== What you will do ==
The answer must be every line from the entries below that includes "Delta".

[[ Records for this exercise open ]]

lemma residual_bound:
  defines "\<kappa> \<equiv> lam_max_k k T_lam / lam_min_k k T_lam"
  shows "norm (A_lam x + g) \<le> 2 * \<beta> * norm x * ((sqrt \<kappa> - 1) / (sqrt \<kappa> + 1)) ^ (k - 1)"
proof -
  obtain p where "degree p \<le> k - 1" "poly p 0 = 1"
    and "\<And>t. t \<in> {lam_min_k k T_lam..lam_max_k k T_lam} \<Longrightarrow>
      \<bar>poly p t\<bar> \<le> 2 * ((sqrt \<kappa> - 1) / (sqrt \<kappa> + 1)) ^ (k - 1)"
    using chebyshev_polynomial_bound[OF lam_min_pos lam_min_le_max] unfolding \<kappa>_def by blast
  moreover have "degree p < k" using \<open>degree p \<le> k - 1\<close> k_pos by linarith
  ultimately have "\<bar>h k\<bar> \<le> 2 * ((sqrt \<kappa> - 1) / (sqrt \<kappa> + 1)) ^ (k - 1) * norm x"
    by (intro abs_last_coeff_le)
  then have "\<beta> * \<bar>h k\<bar> \<le> \<beta> * (2 * ((sqrt \<kappa> - 1) / (sqrt \<kappa> + 1)) ^ (k - 1) * norm x)"
    using beta_nonneg by (rule mult_left_mono)
  then show ?thesis
    using beta_nonneg q_next by (simp add: residual_eq abs_mult mult_ac)
qed

end

theorem theorem3p8:
  fixes A :: "real^'n^'n" and g :: "real^'n" and \<Delta> :: real and k :: nat
    and q :: "nat \<Rightarrow> real^'n" and \<beta> :: real
    and h :: "nat \<Rightarrow> real" and lam :: real
  assumes symA: "transpose A = A"
    and g_nz: "g \<noteq> 0"
    and Delta_pos: "\<Delta> > 0"
    and k_pos: "1 \<le> k"
    \<comment> \<open>Lanczos process: orthonormal q_1..q_k spanning the Krylov spaces, q_1 = g/||g||\<close>
    and q_orth: "\<forall>i\<in>{1..k}. \<forall>j\<in>{1..k}. q i \<bullet> q j = (if i = j then 1 else 0)"
    and q_span: "\<forall>j\<in>{1..k}. span (q ` {1..j}) = krylov A g j"
    and q_1: "q 1 = (1 / norm g) *\<^sub>R g"
    \<comment> \<open>A Q_k = Q_k T_k + beta_k q_(k+1) e_k^T with unit q_(k+1), beta_k >= 0\<close>
    and q_next: "norm (q (k+1)) = 1"
    and beta_nonneg: "\<beta> \<ge> 0"
    and lanczos_rel: "\<forall>j\<in>{1..k}. A *v q j =
          (\<Sum>i=1..k. lanczos_T A q i j *\<^sub>R q i) + (if j = k then \<beta> *\<^sub>R q (k+1) else 0)"
    \<comment> \<open>h_k minimizes the trust-region subproblem, with multiplier lambda_k\<close>
    and h_feas: "norm_k k h \<le> \<Delta>"
    and h_min: "\<forall>h'. norm_k k h' \<le> \<Delta> \<longrightarrow>
          tr_obj k (lanczos_T A q) (norm g) h \<le> tr_obj k (lanczos_T A q) (norm g) h'"
    and lam_nonneg: "lam \<ge> 0"
    and kkt_eq: "\<forall>i\<in>{1..k}. (\<Sum>j=1..k. (lanczos_T A q i j + (if i = j then lam else 0)) * h j)
          = - norm g * (if i = 1 then 1 else 0)"
    and kkt_compl: "lam * (\<Delta> - norm_k k h) = 0"
    and kkt_pd: "pos_def_k k (\<lambda>i j. lanczos_T A q i j + (if i = j then lam else 0))"
  shows "let x = (\<Sum>i=1..k. h i *\<^sub>R q i);
             r = A *v x + lam *\<^sub>R x + g;
             M = (\<lambda>i j. lanczos_T A q i j + (if i = j then lam else 0));
             \<kappa> = lam_max_k k M / lam_min_k k M
         in norm r \<le> 2 * \<beta> * norm x * ((sqrt \<kappa> - 1) / (sqrt \<kappa> + 1)) ^ (k - 1)"
proof -
  \<comment> \<open>only stationarity and positive definiteness of the KKT system are needed\<close>
  interpret gltr_step A g k q \<beta> lam h
    using symA g_nz k_pos q_orth q_span q_1 q_next beta_nonneg lanczos_rel kkt_eq kkt_pd
    by unfold_locales
  show ?thesis
    using residual_bound unfolding Let_def x_def A_lam_def by (simp add: add.assoc)
qed

end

[[ Records for this exercise closed ]]

== Solution for this exercise ==
  fixes A :: "real^'n^'n" and g :: "real^'n" and \<Delta> :: real and k :: nat
    and Delta_pos: "\<Delta> > 0"
    and h_feas: "norm_k k h \<le> \<Delta>"
    and h_min: "\<forall>h'. norm_k k h' \<le> \<Delta> \<longrightarrow>
    and kkt_compl: "lam * (\<Delta> - norm_k k h) = 0"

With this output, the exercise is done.